═════ SUPPLIED RECORDS ═════
(* Let $\kappa=k_1k_2\cdots k_s$ where $k_1\le\cdots\le k_s$ are primes, and $\mathbb Z^\kappa=\mathbb Z_{k_1}\times\cdots\times\mathbb Z_{k_s}$. Consider the linear control network $\Sigma$ over $\mathbb Z^\kappa$: $Z(t+1)=AZ(t)+BU(t)$, $Y(t)=CZ(t)$, with $Z(t)\in(\mathbb Z^\kappa)^n$, $U(t)\in(\mathbb Z^\kappa)^m$, $Y(t)\in(\mathbb Z^\kappa)^p$, $A\in(\mathbb Z^\kappa)^{n\times n}$, $B\in(\mathbb Z^\kappa)^{n\times m}$, $C\in(\mathbb Z^\kappa)^{p\times n}$, all operations in $\mathbb Z^\kappa$. For $i\in[1,s]$ let $\Sigma_i$ be the linear control network over $\mathbb Z_{k_i}$: $X^i(t+1)=A^iX^i(t)+B^iU^i(t)$, $Y^i(t)=C^iX^i(t)$, where $A^i=\phi_i(A)$, $B^i=\phi_i(B)$, $C^i=\phi_i(C)$ (entrywise projections). Then $\Sigma=\Sigma_1\times\Sigma_2\times\cdots\times\Sigma_s$, and $\Sigma$ is controllable (respectively observable) if and only if every $\Sigma_i$, $i\in[1,s]$, is controllable (respectively observable).
   Context: $\mathbb Z_p$ is the ring of integers modulo $p$; $\mathbb Z^\kappa$ has componentwise operations, and $\phi_i:\mathbb Z^\kappa\to\mathbb Z_{k_i}$ is the $i$-th coordinate projection. $\Sigma=\Sigma_1\times\cdots\times\Sigma_s$ means: for every initial state and control sequence of $\Sigma$, the $i$-th coordinate of the trajectory of $\Sigma$ equals the trajectory of $\Sigma_i$ started at the $i$-th coordinate of the initial state and driven by the $i$-th coordinates of the controls. Controllable means: for any initial state $z_0$ and target $z_d$ there exist $T\ge0$ and a control sequence steering $z_0$ to $z_d$ at time $T$. Observable means: any two distinct initial states can be distinguished by the outputs under some control sequence. *)

theory Defs
  imports "HOL-Computational_Algebra.Primes"
begin

record 'a rng =
  car :: "'a set"
  ad  :: "'a \<Rightarrow> 'a \<Rightarrow> 'a"
  mu  :: "'a \<Rightarrow> 'a \<Rightarrow> 'a"
  ze  :: 'a

definition Zmod :: "nat \<Rightarrow> int rng" where
  "Zmod q = \<lparr> car = {0..<int q}, ad = (\<lambda>a b. (a + b) mod int q),
             mu = (\<lambda>a b. (a * b) mod int q), ze = 0 \<rparr>"

text \<open>The ring Z^kappa = Z_{k_1} x ... x Z_{k_s}, ks = [k_1,...,k_s]; elements are functions
  on the index set {0..<s} (component i is the (i+1)-th coordinate), extended by 0.\<close>
definition Zprod :: "nat list \<Rightarrow> (nat \<Rightarrow> int) rng" where
  "Zprod ks = \<lparr> car = {z. (\<forall>i<length ks. 0 \<le> z i \<and> z i < int (ks ! i)) \<and> (\<forall>i\<ge>length ks. z i = 0)},
     ad = (\<lambda>a b i. if i < length ks then (a i + b i) mod int (ks ! i) else 0),
     mu = (\<lambda>a b i. if i < length ks then (a i * b i) mod int (ks ! i) else 0),
     ze = (\<lambda>i. 0) \<rparr>"

definition proj :: "nat \<Rightarrow> (nat \<Rightarrow> int) \<Rightarrow> int" where
  "proj i z = z i"

definition proj_vec :: "nat \<Rightarrow> (nat \<Rightarrow> int) list \<Rightarrow> int list" where
  "proj_vec i v = map (proj i) v"

definition proj_mat :: "nat \<Rightarrow> (nat \<Rightarrow> int) list list \<Rightarrow> int list list" where
  "proj_mat i M = map (proj_vec i) M"

text \<open>Vectors are lists, matrices are lists of rows.\<close>
definition vecs :: "'a rng \<Rightarrow> nat \<Rightarrow> 'a list set" where
  "vecs R k = {v. length v = k \<and> set v \<subseteq> car R}"

definition is_mat :: "'a rng \<Rightarrow> nat \<Rightarrow> nat \<Rightarrow> 'a list list \<Rightarrow> bool" where
  "is_mat R r c M \<longleftrightarrow> length M = r \<and> (\<forall>row\<in>set M. row \<in> vecs R c)"

definition mat_vec :: "'a rng \<Rightarrow> 'a list list \<Rightarrow> 'a list \<Rightarrow> 'a list" where
  "mat_vec R M v = map (\<lambda>row. foldr (ad R) (map2 (mu R) row v) (ze R)) M"

definition vec_add :: "'a rng \<Rightarrow> 'a list \<Rightarrow> 'a list \<Rightarrow> 'a list" where
  "vec_add R u v = map2 (ad R) u v"

fun traj :: "'a rng \<Rightarrow> 'a list list \<Rightarrow> 'a list list \<Rightarrow> 'a list \<Rightarrow> (nat \<Rightarrow> 'a list) \<Rightarrow> nat \<Rightarrow> 'a list" where
  "traj R A B x0 us 0 = x0"
| "traj R A B x0 us (Suc t) = vec_add R (mat_vec R A (traj R A B x0 us t)) (mat_vec R B (us t))"

definition net_output :: "'a rng \<Rightarrow> 'a list list \<Rightarrow> 'a list list \<Rightarrow> 'a list list \<Rightarrow> 'a list \<Rightarrow> (nat \<Rightarrow> 'a list) \<Rightarrow> nat \<Rightarrow> 'a list" where
  "net_output R A B C x0 us t = mat_vec R C (traj R A B x0 us t)"

definition controls :: "'a rng \<Rightarrow> nat \<Rightarrow> (nat \<Rightarrow> 'a list) set" where
  "controls R m = {us. \<forall>t. us t \<in> vecs R m}"

definition controllable :: "'a rng \<Rightarrow> nat \<Rightarrow> nat \<Rightarrow> 'a list list \<Rightarrow> 'a list list \<Rightarrow> bool" where
  "controllable R n m A B \<longleftrightarrow>
     (\<forall>z0\<in>vecs R n. \<forall>zd\<in>vecs R n. \<exists>T. \<exists>us\<in>controls R m. traj R A B z0 us T = zd)"

definition observable :: "'a rng \<Rightarrow> nat \<Rightarrow> nat \<Rightarrow> 'a list list \<Rightarrow> 'a list list \<Rightarrow> 'a list list \<Rightarrow> bool" where
  "observable R n m A B C \<longleftrightarrow>
     (\<forall>x0\<in>vecs R n. \<forall>x1\<in>vecs R n. x0 \<noteq> x1 \<longrightarrow>
        (\<exists>us\<in>controls R m. \<exists>t. net_output R A B C x0 us t \<noteq> net_output R A B C x1 us t))"

text \<open>Sigma = Sigma_1 x ... x Sigma_s (trajectory-wise, as in the paper's definition).\<close>
definition is_product :: "nat list \<Rightarrow> nat \<Rightarrow> nat \<Rightarrow> (nat \<Rightarrow> int) list list \<Rightarrow> (nat \<Rightarrow> int) list list \<Rightarrow> bool" where
  "is_product ks n m A B \<longleftrightarrow>
     (\<forall>z0\<in>vecs (Zprod ks) n. \<forall>us\<in>controls (Zprod ks) m. \<forall>t. \<forall>i<length ks.
        proj_vec i (traj (Zprod ks) A B z0 us t)
        = traj (Zmod (ks ! i)) (proj_mat i A) (proj_mat i B) (proj_vec i z0) (\<lambda>t. proj_vec i (us t)) t)"

end

theory Submission
  imports Defs
begin

text \<open>Arithmetic in \<open>\<int>\<^sup>\<kappa>\<close> is componentwise, so each projection \<open>\<phi>\<^sub>i\<close> is a ring
  homomorphism onto \<open>\<int>\<^sub>k\<^sub>i\<close> and commutes with the update and output maps: trajectories
  of \<open>\<Sigma>\<close> project to those of \<open>\<Sigma>\<^sub>i\<close>, and a vector over \<open>\<int>\<^sup>\<kappa>\<close> is determined by its
  projections. States and controls of \<open>\<Sigma>\<^sub>i\<close> embed into \<open>\<Sigma>\<close> with zeros in the other
  components, which transfers both properties from \<open>\<Sigma>\<close> to \<open>\<Sigma>\<^sub>i\<close>, and observability back.
  For controllability of \<open>\<Sigma>\<close> the components must be steered in a common time. This works
  because a controllable system over a finite ring reaches any target at every sufficiently
  large time: steer to the zero state, wait there under zero control, then steer out.\<close>

definition rng_hom :: "('a \<Rightarrow> 'b) \<Rightarrow> 'a rng \<Rightarrow> 'b rng \<Rightarrow> bool" where
  "rng_hom h R S \<longleftrightarrow>
     (\<forall>a b. h (ad R a b) = ad S (h a) (h b)) \<and> (\<forall>a b. h (mu R a b) = mu S (h a) (h b)) \<and> h (ze R) = ze S"

lemma mat_vec_hom:
  assumes "rng_hom h R S"
  shows "map h (mat_vec R M v) = mat_vec S (map (map h) M) (map h v)"
proof -
  have "h (foldr (ad R) xs (ze R)) = foldr (ad S) (map h xs) (ze S)" for xs
    using assms by (induction xs) (simp_all add: rng_hom_def)
  moreover have "map h (map2 (mu R) xs ys) = map2 (mu S) (map h xs) (map h ys)" for xs ys
    using assms by (simp add: rng_hom_def zip_map_map case_prod_beta)
  ultimately show ?thesis
    by (simp add: mat_vec_def)
qed

lemma vec_add_hom:
  assumes "rng_hom h R S"
  shows "map h (vec_add R u v) = vec_add S (map h u) (map h v)"
  using assms by (simp add: vec_add_def rng_hom_def zip_map_map case_prod_beta)

lemma traj_hom:
  assumes "rng_hom h R S"
  shows "map h (traj R A B x us t)
    = traj S (map (map h) A) (map (map h) B) (map h x) (\<lambda>t. map h (us t)) t"
  by (induction t) (simp_all add: mat_vec_hom[OF assms] vec_add_hom[OF assms])

lemma net_output_hom:
  assumes "rng_hom h R S"
  shows "map h (net_output R A B C x us t)
    = net_output S (map (map h) A) (map (map h) B) (map (map h) C) (map h x) (\<lambda>t. map h (us t)) t"
  by (simp add: net_output_def mat_vec_hom[OF assms] traj_hom[OF assms])

lemma traj_cong: "(\<And>t. t < T \<Longrightarrow> us t = vs t) \<Longrightarrow> traj R A B x us T = traj R A B x vs T"
  by (induction T) simp_all

lemma traj_append:
  "traj R A B x (\<lambda>t. if t < a then us t else vs (t - a)) (a + b) = traj R A B (traj R A B x us a) vs b"
proof (induction b)
  case 0
  show ?case by (simp, rule traj_cong) simp
qed simp

lemma mat_vec_in_vecs:
  assumes "\<forall>a b. ad R a b \<in> car R" and "ze R \<in> car R"
  shows "mat_vec R M v \<in> vecs R (length M)"
proof -
  have "foldr (ad R) xs (ze R) \<in> car R" for xs
    using assms by (cases xs) simp_all
  then show ?thesis
    by (auto simp: mat_vec_def vecs_def)
qed

lemma traj_in_vecs:
  assumes "\<forall>a b. ad R a b \<in> car R" and "x \<in> vecs R n" and "length A = n" and "length B = n"
  shows "traj R A B x us t \<in> vecs R n"
proof (cases t)
  case (Suc t')
  then show ?thesis
    using assms by (auto simp: vecs_def vec_add_def mat_vec_def dest!: set_zip_leftD)
qed (simp add: assms)

lemma finite_vecs:
  assumes "finite (car R)"
  shows "finite (vecs R n)"
proof -
  have "vecs R n = {xs. set xs \<subseteq> car R \<and> length xs = n}"
    by (auto simp: vecs_def)
  then show ?thesis
    using assms by (simp add: finite_lists_length_eq)
qed

definition controllable_in_time ::
    "'a rng \<Rightarrow> nat \<Rightarrow> nat \<Rightarrow> 'a list list \<Rightarrow> 'a list list \<Rightarrow> nat \<Rightarrow> bool" where
  "controllable_in_time R n m A B T \<longleftrightarrow>
     (\<forall>z0\<in>vecs R n. \<forall>zd\<in>vecs R n. \<exists>us\<in>controls R m. traj R A B z0 us T = zd)"

lemma controllable_if_in_time: "controllable_in_time R n m A B T \<Longrightarrow> controllable R n m A B"
  unfolding controllable_in_time_def controllable_def by blast

lemma traj_through_rest_state:
  assumes rest: "\<And>t. traj R A B z (\<lambda>_. c) t = z" and c: "c \<in> vecs R m"
    and u: "u \<in> controls R m" "traj R A B x u a = z"
    and v: "v \<in> controls R m" "traj R A B z v b = y"
    and "a + b \<le> T"
  shows "\<exists>w\<in>controls R m. traj R A B x w T = y"
proof -
  define d where "d = T - a - b"
  define wait_then_v where "wait_then_v = (\<lambda>t. if t < d then c else v (t - d))"
  define w where "w = (\<lambda>t. if t < a then u t else wait_then_v (t - a))"
  have "T = a + (d + b)"
    using \<open>a + b \<le> T\<close> by (simp add: d_def)
  then have "traj R A B x w T = traj R A B (traj R A B x u a) wait_then_v (d + b)"
    unfolding w_def by (simp only: traj_append)
  also have "\<dots> = traj R A B (traj R A B z (\<lambda>_. c) d) v b"
    unfolding wait_then_v_def u(2) by (rule traj_append)
  also have "\<dots> = y"
    by (simp add: rest v(2))
  finally have "traj R A B x w T = y" .
  moreover have "w \<in> controls R m"
    using c u(1) v(1) by (simp add: controls_def w_def wait_then_v_def)
  ultimately show ?thesis by blast
qed

lemma controllable_eventually_in_time:
  assumes ctrl: "controllable R n m A B" and fin: "finite (vecs R n)"
    and z: "z \<in> vecs R n" and c: "c \<in> vecs R m" and rest: "\<And>t. traj R A B z (\<lambda>_. c) t = z"
  shows "\<exists>K. \<forall>T\<ge>K. controllable_in_time R n m A B T"
proof -
  let ?V = "vecs R n"
  have "\<forall>x\<in>?V. \<exists>a. \<exists>u\<in>controls R m. traj R A B x u a = z"
    using ctrl z unfolding controllable_def by blast
  then obtain a u where to_rest: "\<forall>x\<in>?V. u x \<in> controls R m \<and> traj R A B x (u x) (a x) = z"
    by metis
  have "\<forall>y\<in>?V. \<exists>b. \<exists>v\<in>controls R m. traj R A B z v b = y"
    using ctrl z unfolding controllable_def by blast
  then obtain b v where from_rest: "\<forall>y\<in>?V. v y \<in> controls R m \<and> traj R A B z (v y) (b y) = y"
    by metis
  have "controllable_in_time R n m A B T" if T: "Max (a ` ?V) + Max (b ` ?V) \<le> T" for T
    unfolding controllable_in_time_def
  proof (intro ballI)
    fix x y assume x: "x \<in> ?V" and y: "y \<in> ?V"
    have "a x + b y \<le> T"
      using T fin x y by (meson Max_ge add_mono finite_imageI image_eqI order_trans)
    then show "\<exists>w\<in>controls R m. traj R A B x w T = y"
      using to_rest from_rest x y
      by (intro traj_through_rest_state[OF rest c, where u = "u x" and v = "v y"]) auto
  qed
  then show ?thesis by blast
qed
═════
> [WORK INSTRUCTION]
From the entries above, return exactly the line containing "ad = (\<lambda>a b i.", the line containing "ze = (\<lambda>i.", and all lines between, and nothing else.

> [WRITTEN ANSWER]
     ad = (\<lambda>a b i. if i < length ks then (a i + b i) mod int (ks ! i) else 0),
     mu = (\<lambda>a b i. if i < length ks then (a i * b i) mod int (ks ! i) else 0),
     ze = (\<lambda>i. 0) \<rparr>"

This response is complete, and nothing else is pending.